- **AIM OF THE EXERCISE**
Look below for the lines from the one with "degree of the" to the one with "unfolding forward_diff_def by", and copy exactly those lines, both ends included.

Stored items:
text \<open>A submodule: a k-linear subspace of k[X] stable under all O_n, n >= 1
  (equivalently, under all of O, which is spanned by the O_n).\<close>
definition omega_submodule :: "'a::field \<Rightarrow> 'a \<Rightarrow> 'a poly set \<Rightarrow> bool" where
  "omega_submodule lam a W \<longleftrightarrow>
     0 \<in> W \<and> (\<forall>f\<in>W. \<forall>g\<in>W. f + g \<in> W) \<and> (\<forall>c. \<forall>f\<in>W. smult c f \<in> W) \<and>
     (\<forall>n\<ge>1. \<forall>f\<in>W. omega_act lam a n f \<in> W)"

definition omega_irreducible :: "'a::field \<Rightarrow> 'a \<Rightarrow> bool" where
  "omega_irreducible lam a \<longleftrightarrow>
     (UNIV :: 'a poly set) \<noteq> {0} \<and>
     (\<forall>W. omega_submodule lam a W \<longrightarrow> W = {0} \<or> W = UNIV)"

end

theory Submission
  imports Defs
begin

text \<open>Let W be a nonzero submodule and 0 \<noteq> f \<in> W. As a function of n, O_n f = lam^n A(n) - lam^(-n) B(n),
  where A and B are polynomials in n with coefficients in k[X] of degree at most deg f + 1, and B has
  exact degree deg f + 1 with a nonzero constant leading coefficient. W contains every linear combination
  of consecutive terms of this sequence, so it is stable under E - c, where E is the shift n \<mapsto> n + 1.
  Applying (E - lam)^(deg f + 2) annihilates the first summand and, because lam \<noteq> lam^(-1), preserves the
  degree of the second; then (E - lam^(-1))^(deg f + 1) turns the second into a nonzero constant.
  Hence 1 \<in> W. Finally O_1 raises degrees by exactly one (the leading coefficient is multiplied by
  lam - lam^(-1)), so W contains polynomials of all degrees and is all of k[X].\<close>

definition forward_diff :: "'b::comm_ring_1 poly \<Rightarrow> 'b poly" where
  "forward_diff P = P \<circ>\<^sub>p [:1, 1:] - P"

lemma forward_diff_pCons:
  "forward_diff (pCons c q) = q \<circ>\<^sub>p [:1, 1:] + pCons 0 (forward_diff q)"
  unfolding forward_diff_def by (simp add: pcompose_pCons algebra_simps)

lemma forward_diff_0 [simp]: "forward_diff 0 = 0"
  by (simp add: forward_diff_def)

lemma forward_diff_const [simp]: "forward_diff [:c:] = 0"
  by (simp add: forward_diff_def)

lemma forward_diff_smult: "forward_diff (smult c P) = smult c (forward_diff P)"
  by (simp add: forward_diff_def pcompose_smult smult_diff_right)

lemma coeff_pcompose_shift_top:
  fixes q :: "'b::comm_semiring_1 poly"
  assumes "degree q \<le> m"
  shows "coeff (q \<circ>\<^sub>p [:1, 1:]) m = coeff q m"
  using assms
proof (induction q arbitrary: m)
  case (pCons c q)
  show ?case
  proof (cases m)
    case 0
    with pCons.prems show ?thesis by (auto split: if_splits)
  next
    case (Suc m')
    with pCons.prems have "degree q \<le> m'" by (cases "q = 0") auto
    moreover from this have "coeff (q \<circ>\<^sub>p [:1, 1:]) (Suc m') = 0"
      using degree_pcompose_le[of q "[:1, 1:]"] by (intro coeff_eq_0) simp
    ultimately show ?thesis
      using pCons.IH Suc by (simp add: pcompose_pCons)
  qed
qed simp

lemma forward_diff_degree_coeff:
  fixes P :: "'b::comm_ring_1 poly"
  assumes "degree P \<le> Suc m"
  shows "degree (forward_diff P) \<le> m \<and>
    coeff (forward_diff P) m = of_nat (Suc m) * coeff P (Suc m)"
  using assms
proof (induction P arbitrary: m)
  case (pCons c q)
  have q: "degree q \<le> m"
    using pCons.prems by (cases "q = 0") auto
  have shift_q: "degree (q \<circ>\<^sub>p [:1, 1:]) \<le> m"
    using degree_pcompose_le[of q "[:1, 1:]"] q by simp
  show ?case
  proof (cases m)
    case 0
    with q obtain b where "q = [:b:]" by (metis degree_eq_zeroE le_zero_eq)
    with 0 show ?thesis by (simp add: forward_diff_pCons)
  next
    case (Suc m')
    with pCons.IH q have IH: "degree (forward_diff q) \<le> m'"
      "coeff (forward_diff q) m' = of_nat m * coeff q m" by auto
    have "degree (forward_diff (pCons c q)) \<le> m"
      unfolding forward_diff_pCons using shift_q IH(1) Suc
      by (intro degree_add_le) (auto simp: degree_pCons_eq_if)
    moreover have "coeff (forward_diff (pCons c q)) m = of_nat (Suc m) * coeff q m"
      using IH(2) Suc coeff_pcompose_shift_top[OF q]
      by (simp add: forward_diff_pCons algebra_simps)
    ultimately show ?thesis by simp
  qed
qed simp

lemma funpow_forward_diff:
  fixes P :: "'b::comm_ring_1 poly"
  assumes "degree P \<le> m"
  shows "(forward_diff ^^ m) P = [:of_nat (fact m) * coeff P m:]"
  using assms
proof (induction m arbitrary: P)
  case 0
  then show ?case by (simp add: degree_0_id)
next
  case (Suc m)
  note P' = forward_diff_degree_coeff[OF Suc.prems]
  have "(forward_diff ^^ Suc m) P = (forward_diff ^^ m) (forward_diff P)"
    by (simp only: funpow_Suc_right comp_def)
  also have "\<dots> = [:of_nat (fact m) * (of_nat (Suc m) * coeff P (Suc m)):]"
    using Suc.IH P' by simp
  also have "\<dots> = [:of_nat (fact (Suc m)) * coeff P (Suc m):]"
    by (simp add: algebra_simps)
  finally show ?case .
qed

lemma funpow_forward_diff_eq_0:
  fixes P :: "'b::comm_ring_1 poly"
  assumes "degree P \<le> m"
  shows "(forward_diff ^^ Suc m) P = 0"
  using funpow_forward_diff[OF assms] by simp

definition geom_poly_seq :: "'b::comm_ring_1 \<Rightarrow> 'b poly \<Rightarrow> nat \<Rightarrow> 'b" where
  "geom_poly_seq u P n = u ^ n * poly P (of_nat n)"

definition shift_sub :: "'b::comm_ring_1 \<Rightarrow> (nat \<Rightarrow> 'b) \<Rightarrow> nat \<Rightarrow> 'b" where
  "shift_sub c s n = s (Suc n) - c * s n"

definition twisted_diff :: "'b::comm_ring_1 \<Rightarrow> 'b \<Rightarrow> 'b poly \<Rightarrow> 'b poly" where
  "twisted_diff c u P = smult u (forward_diff P) + smult (u - c) P"

lemma shift_sub_geom_poly_seq:
  "shift_sub c (geom_poly_seq u P) = geom_poly_seq u (twisted_diff c u P)"
  by (rule ext)
    (simp add: shift_sub_def geom_poly_seq_def twisted_diff_def forward_diff_def
      poly_pcompose algebra_simps)

lemma funpow_shift_sub_geom_poly_seq:
  "(shift_sub c ^^ j) (geom_poly_seq u P) = geom_poly_seq u ((twisted_diff c u ^^ j) P)"
  by (induction j) (simp_all add: shift_sub_geom_poly_seq)

lemma shift_sub_diff: "shift_sub c (s - t) = shift_sub c s - shift_sub c t"
  by (simp add: shift_sub_def fun_eq_iff algebra_simps)

lemma funpow_shift_sub_diff:
  "(shift_sub c ^^ j) (s - t) = (shift_sub c ^^ j) s - (shift_sub c ^^ j) t"
  by (induction j) (simp_all only: funpow.simps id_apply comp_apply shift_sub_diff)

lemma geom_poly_seq_0 [simp]: "geom_poly_seq u 0 n = 0"
  by (simp add: geom_poly_seq_def)

lemma funpow_twisted_diff_0 [simp]: "(twisted_diff c u ^^ j) 0 = 0"
  by (induction j) (simp_all add: twisted_diff_def)

lemma funpow_twisted_diff_self:
  "(twisted_diff u u ^^ j) P = smult (u ^ j) ((forward_diff ^^ j) P)"
  by (induction j) (simp_all add: twisted_diff_def forward_diff_smult)

lemma twisted_diff_degree_coeff:
  fixes P :: "'b::comm_ring_1 poly"
  assumes "degree P \<le> d"
  shows "degree (twisted_diff c u P) \<le> d \<and> coeff (twisted_diff c u P) d = (u - c) * coeff P d"
proof -
  from assms have "coeff P (Suc d) = 0"
    by (intro coeff_eq_0) simp
  with assms forward_diff_degree_coeff[of P d]
  have "degree (forward_diff P) \<le> d" "coeff (forward_diff P) d = 0"
    by auto
  with assms show ?thesis
    by (auto simp: twisted_diff_def intro!: degree_add_le order.trans[OF degree_smult_le])
qed

lemma funpow_twisted_diff_degree_coeff:
  fixes P :: "'b::comm_ring_1 poly"
  assumes "degree P \<le> d"
  shows "degree ((twisted_diff c u ^^ j) P) \<le> d \<and>
    coeff ((twisted_diff c u ^^ j) P) d = (u - c) ^ j * coeff P d"
proof (induction j)
  case (Suc j)
  then show ?case
    using twisted_diff_degree_coeff[of "(twisted_diff c u ^^ j) P" d c u] by simp
qed (simp add: assms)

lemma shift_sub_isolates_top_coeff:
  fixes A B :: "'b::comm_ring_1 poly"
  assumes "degree A \<le> k" "degree B \<le> k"
  shows "(shift_sub v ^^ k) ((shift_sub u ^^ Suc k) (geom_poly_seq u A - geom_poly_seq v B)) 0 =
    - (v ^ k * (of_nat (fact k) * ((v - u) ^ Suc k * coeff B k)))"
proof -
  define B' where "B' = (twisted_diff u v ^^ Suc k) B"
  have "(twisted_diff u u ^^ Suc k) A = 0"
    using funpow_forward_diff_eq_0[OF assms(1)] by (simp add: funpow_twisted_diff_self del: funpow.simps)
  then have "(shift_sub v ^^ k) ((shift_sub u ^^ Suc k) (geom_poly_seq u A - geom_poly_seq v B)) =
      geom_poly_seq u 0 - geom_poly_seq v ((twisted_diff v v ^^ k) B')"
    by (simp add: funpow_shift_sub_diff funpow_shift_sub_geom_poly_seq B'_def del: funpow.simps)
  moreover have "degree B' \<le> k \<and> coeff B' k = (v - u) ^ Suc k * coeff B k"
    unfolding B'_def using assms(2) by (rule funpow_twisted_diff_degree_coeff)
  ultimately show ?thesis
    by (simp add: funpow_twisted_diff_self funpow_forward_diff geom_poly_seq_def del: funpow.simps)
qed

- **RESPONSE AREA**
  degree of the second; then (E - lam^(-1))^(deg f + 1) turns the second into a nonzero constant.
  Hence 1 \<in> W. Finally O_1 raises degrees by exactly one (the leading coefficient is multiplied by
  lam - lam^(-1)), so W contains polynomials of all degrees and is all of k[X].\<close>

definition forward_diff :: "'b::comm_ring_1 poly \<Rightarrow> 'b poly" where
  "forward_diff P = P \<circ>\<^sub>p [:1, 1:] - P"

lemma forward_diff_pCons:
  "forward_diff (pCons c q) = q \<circ>\<^sub>p [:1, 1:] + pCons 0 (forward_diff q)"
  unfolding forward_diff_def by (simp add: pcompose_pCons algebra_simps)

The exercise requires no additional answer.